Record set Block Start
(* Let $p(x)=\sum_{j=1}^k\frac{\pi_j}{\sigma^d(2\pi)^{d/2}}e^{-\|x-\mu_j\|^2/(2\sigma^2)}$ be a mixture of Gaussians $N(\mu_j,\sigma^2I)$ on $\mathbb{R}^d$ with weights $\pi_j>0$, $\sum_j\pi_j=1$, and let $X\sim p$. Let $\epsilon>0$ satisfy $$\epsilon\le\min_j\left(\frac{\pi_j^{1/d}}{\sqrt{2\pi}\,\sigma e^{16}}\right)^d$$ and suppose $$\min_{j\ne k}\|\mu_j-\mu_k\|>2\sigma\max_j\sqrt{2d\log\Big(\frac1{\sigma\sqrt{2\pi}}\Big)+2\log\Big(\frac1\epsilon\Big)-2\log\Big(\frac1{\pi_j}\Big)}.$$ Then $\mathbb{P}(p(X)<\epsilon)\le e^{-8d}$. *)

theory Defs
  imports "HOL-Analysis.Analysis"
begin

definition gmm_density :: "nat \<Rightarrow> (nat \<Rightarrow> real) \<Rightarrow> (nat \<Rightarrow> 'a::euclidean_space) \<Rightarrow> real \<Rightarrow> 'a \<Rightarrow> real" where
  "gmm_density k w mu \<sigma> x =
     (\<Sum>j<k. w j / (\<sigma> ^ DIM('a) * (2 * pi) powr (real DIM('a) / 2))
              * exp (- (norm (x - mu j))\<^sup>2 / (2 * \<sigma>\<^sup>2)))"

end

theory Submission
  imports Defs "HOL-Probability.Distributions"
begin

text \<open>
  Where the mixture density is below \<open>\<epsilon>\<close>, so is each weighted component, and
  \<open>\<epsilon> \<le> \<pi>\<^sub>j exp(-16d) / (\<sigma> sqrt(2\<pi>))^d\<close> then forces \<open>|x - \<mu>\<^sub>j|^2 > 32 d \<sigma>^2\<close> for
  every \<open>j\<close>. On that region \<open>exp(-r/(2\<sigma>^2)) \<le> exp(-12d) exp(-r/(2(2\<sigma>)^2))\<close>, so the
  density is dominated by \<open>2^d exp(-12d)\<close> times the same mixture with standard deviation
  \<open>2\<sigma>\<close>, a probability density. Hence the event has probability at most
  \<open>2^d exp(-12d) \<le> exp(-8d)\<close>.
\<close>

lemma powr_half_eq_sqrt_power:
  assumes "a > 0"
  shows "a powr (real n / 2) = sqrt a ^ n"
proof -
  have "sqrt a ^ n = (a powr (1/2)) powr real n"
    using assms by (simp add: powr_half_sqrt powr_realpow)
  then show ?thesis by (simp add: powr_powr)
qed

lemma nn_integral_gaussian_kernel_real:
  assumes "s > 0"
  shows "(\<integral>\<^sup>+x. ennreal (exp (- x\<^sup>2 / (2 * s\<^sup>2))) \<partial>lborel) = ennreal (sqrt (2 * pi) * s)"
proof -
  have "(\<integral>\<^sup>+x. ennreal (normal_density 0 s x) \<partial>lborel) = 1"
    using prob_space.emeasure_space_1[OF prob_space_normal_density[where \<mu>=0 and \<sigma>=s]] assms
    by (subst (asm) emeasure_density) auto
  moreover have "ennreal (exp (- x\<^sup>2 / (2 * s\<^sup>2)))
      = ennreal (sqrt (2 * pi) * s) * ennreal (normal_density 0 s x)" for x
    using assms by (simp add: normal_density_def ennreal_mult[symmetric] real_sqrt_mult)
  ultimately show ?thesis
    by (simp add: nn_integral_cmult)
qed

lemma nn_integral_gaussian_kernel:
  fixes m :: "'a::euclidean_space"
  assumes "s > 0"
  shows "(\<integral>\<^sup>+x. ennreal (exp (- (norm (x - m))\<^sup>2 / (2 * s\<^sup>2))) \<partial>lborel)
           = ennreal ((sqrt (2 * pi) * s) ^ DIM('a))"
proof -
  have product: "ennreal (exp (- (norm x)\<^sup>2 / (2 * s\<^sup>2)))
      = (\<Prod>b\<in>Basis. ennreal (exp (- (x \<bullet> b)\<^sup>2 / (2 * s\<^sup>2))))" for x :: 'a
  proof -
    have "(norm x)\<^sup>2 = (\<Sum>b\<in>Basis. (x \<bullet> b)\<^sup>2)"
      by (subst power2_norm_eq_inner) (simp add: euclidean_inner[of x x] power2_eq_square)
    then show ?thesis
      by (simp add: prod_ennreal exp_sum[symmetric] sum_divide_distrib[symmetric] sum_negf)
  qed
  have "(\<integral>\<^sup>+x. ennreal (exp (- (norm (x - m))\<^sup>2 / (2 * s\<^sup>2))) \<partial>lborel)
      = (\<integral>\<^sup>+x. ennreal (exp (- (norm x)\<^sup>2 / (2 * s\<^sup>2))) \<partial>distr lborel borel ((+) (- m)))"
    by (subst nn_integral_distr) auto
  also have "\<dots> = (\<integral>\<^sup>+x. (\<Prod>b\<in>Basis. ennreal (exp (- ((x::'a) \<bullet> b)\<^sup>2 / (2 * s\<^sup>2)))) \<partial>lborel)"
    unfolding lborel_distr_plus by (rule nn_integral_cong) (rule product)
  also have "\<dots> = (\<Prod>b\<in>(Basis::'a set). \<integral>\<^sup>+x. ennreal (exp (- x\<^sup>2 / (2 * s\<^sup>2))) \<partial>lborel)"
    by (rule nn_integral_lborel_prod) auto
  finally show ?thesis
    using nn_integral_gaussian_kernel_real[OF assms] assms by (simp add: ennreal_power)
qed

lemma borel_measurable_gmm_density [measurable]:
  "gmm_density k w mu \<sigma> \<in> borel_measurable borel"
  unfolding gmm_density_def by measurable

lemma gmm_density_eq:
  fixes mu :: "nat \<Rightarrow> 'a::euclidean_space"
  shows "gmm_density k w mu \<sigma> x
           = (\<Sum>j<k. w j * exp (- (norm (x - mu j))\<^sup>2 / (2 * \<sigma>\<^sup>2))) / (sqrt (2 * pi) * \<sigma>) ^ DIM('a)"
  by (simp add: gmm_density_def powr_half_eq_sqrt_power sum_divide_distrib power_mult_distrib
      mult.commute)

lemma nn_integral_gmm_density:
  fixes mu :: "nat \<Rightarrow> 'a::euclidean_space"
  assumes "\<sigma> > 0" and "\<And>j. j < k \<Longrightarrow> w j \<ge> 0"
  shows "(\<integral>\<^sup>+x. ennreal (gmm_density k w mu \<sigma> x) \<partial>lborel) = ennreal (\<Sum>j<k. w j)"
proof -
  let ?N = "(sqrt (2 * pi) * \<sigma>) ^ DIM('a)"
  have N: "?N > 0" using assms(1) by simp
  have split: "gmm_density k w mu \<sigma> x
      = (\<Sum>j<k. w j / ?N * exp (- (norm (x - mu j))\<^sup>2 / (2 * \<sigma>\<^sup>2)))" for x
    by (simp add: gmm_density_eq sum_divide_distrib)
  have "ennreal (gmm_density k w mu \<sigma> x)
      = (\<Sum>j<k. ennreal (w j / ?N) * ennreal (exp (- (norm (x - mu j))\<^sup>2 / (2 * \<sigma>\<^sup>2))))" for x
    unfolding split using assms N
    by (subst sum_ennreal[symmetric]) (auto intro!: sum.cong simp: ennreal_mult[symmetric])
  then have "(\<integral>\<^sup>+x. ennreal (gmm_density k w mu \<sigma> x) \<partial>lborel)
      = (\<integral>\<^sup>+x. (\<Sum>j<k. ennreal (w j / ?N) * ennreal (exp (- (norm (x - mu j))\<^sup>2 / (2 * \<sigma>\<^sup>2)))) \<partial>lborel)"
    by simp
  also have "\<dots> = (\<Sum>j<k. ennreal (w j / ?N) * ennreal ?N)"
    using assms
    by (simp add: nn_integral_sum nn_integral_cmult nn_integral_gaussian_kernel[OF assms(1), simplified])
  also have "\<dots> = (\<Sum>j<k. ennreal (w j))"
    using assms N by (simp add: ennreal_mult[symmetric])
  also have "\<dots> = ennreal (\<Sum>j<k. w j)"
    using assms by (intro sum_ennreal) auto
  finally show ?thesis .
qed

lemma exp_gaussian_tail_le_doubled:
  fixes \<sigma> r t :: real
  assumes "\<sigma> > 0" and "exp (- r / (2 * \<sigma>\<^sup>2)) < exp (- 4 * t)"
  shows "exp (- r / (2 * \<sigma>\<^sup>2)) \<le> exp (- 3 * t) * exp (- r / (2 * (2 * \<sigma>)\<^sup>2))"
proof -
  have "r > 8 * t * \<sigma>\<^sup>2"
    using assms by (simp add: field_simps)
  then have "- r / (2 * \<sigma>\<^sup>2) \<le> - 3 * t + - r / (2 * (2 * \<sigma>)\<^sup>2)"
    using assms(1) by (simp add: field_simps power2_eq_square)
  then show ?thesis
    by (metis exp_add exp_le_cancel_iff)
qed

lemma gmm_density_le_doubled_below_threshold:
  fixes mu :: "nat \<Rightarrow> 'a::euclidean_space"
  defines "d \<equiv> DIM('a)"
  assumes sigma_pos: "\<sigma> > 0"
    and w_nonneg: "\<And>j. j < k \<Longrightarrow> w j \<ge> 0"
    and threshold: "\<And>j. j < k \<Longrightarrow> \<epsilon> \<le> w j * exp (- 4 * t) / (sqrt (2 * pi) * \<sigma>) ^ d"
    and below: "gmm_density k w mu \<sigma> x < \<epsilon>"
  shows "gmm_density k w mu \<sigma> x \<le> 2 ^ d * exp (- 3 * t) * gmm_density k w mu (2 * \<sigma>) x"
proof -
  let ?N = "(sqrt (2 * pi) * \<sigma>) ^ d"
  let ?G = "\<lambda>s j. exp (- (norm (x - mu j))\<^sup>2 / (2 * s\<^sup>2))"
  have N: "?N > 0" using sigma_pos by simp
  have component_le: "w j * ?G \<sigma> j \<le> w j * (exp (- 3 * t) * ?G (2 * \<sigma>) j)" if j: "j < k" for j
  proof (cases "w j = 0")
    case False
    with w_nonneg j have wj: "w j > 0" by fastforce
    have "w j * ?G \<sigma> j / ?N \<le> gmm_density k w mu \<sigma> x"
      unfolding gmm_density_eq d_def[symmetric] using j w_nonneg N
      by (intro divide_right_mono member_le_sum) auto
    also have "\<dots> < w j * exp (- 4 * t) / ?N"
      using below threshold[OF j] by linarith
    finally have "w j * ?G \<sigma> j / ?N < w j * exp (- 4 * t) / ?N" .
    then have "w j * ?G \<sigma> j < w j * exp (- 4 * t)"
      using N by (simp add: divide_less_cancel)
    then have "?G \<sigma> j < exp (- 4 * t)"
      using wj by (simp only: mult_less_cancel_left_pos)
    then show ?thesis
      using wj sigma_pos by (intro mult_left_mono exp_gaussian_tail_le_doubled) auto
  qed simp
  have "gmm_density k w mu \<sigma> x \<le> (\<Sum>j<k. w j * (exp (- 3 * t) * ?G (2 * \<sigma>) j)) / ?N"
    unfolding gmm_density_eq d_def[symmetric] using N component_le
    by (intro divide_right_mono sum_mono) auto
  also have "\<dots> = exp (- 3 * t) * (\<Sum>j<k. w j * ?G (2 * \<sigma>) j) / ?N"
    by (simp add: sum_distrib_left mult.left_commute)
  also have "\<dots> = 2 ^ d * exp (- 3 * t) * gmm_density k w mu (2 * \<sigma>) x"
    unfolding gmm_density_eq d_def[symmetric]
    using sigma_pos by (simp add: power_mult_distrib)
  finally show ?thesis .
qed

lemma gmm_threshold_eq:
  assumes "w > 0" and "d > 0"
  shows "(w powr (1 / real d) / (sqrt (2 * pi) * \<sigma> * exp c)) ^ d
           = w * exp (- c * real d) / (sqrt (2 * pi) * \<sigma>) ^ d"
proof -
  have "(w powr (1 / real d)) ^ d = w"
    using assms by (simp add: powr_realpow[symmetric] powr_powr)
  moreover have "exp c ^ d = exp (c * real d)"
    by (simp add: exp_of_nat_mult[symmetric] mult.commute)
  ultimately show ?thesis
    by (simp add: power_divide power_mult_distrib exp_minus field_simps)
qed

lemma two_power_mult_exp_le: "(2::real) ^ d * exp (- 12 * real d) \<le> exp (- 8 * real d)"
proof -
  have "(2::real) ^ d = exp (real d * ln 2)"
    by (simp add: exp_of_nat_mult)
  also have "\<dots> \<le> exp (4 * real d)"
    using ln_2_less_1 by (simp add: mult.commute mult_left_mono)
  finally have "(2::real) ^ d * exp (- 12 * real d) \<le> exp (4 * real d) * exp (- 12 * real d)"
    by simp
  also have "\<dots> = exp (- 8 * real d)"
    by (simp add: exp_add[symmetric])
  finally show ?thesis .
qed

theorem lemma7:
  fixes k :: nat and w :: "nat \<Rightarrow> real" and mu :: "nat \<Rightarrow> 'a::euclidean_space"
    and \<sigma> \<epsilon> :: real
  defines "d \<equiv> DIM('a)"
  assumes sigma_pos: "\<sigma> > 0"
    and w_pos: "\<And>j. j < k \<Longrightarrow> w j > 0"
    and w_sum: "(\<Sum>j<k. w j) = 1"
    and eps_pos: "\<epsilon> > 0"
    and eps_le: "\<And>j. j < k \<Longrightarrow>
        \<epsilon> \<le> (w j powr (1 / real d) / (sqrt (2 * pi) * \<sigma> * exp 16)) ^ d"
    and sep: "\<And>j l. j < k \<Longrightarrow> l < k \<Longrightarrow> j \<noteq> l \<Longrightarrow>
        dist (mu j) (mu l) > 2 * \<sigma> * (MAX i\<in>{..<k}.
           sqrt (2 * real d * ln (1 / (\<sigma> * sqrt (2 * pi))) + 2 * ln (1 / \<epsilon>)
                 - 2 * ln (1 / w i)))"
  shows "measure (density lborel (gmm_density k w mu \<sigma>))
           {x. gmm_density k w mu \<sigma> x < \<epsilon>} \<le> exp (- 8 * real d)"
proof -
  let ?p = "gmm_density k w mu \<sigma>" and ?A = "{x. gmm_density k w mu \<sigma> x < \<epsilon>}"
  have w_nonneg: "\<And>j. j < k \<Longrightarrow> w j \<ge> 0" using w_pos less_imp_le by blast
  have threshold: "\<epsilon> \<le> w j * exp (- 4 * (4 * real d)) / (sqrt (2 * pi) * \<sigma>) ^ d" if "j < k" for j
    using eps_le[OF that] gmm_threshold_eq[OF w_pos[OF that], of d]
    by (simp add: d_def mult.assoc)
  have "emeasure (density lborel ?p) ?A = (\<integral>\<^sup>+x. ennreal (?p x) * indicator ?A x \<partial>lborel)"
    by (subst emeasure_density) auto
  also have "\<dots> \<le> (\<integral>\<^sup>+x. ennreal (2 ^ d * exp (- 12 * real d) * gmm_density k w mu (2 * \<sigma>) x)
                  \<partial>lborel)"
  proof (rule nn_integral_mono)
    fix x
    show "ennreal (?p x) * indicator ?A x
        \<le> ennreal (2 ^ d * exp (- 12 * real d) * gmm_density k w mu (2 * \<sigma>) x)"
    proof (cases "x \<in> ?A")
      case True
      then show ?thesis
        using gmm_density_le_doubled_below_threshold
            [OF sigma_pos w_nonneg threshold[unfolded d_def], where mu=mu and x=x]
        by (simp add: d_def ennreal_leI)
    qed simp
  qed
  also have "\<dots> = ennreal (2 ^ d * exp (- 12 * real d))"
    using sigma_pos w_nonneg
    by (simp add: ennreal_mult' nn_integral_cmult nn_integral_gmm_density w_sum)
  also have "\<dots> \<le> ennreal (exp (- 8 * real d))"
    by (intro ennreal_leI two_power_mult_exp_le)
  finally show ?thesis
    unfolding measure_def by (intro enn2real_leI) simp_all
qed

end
Record set Block End
▸ What this task involves:
All lines from the one that holds "by (simp add: ennreal_mult'" to the end of the entries above must be transcribed exactly, both ends included, and no others.

▸ Written response:
    by (simp add: ennreal_mult' nn_integral_cmult nn_integral_gmm_density w_sum)
  also have "\<dots> \<le> ennreal (exp (- 8 * real d))"
    by (intro ennreal_leI two_power_mult_exp_le)
  finally show ?thesis
    unfolding measure_def by (intro enn2real_leI) simp_all
qed

end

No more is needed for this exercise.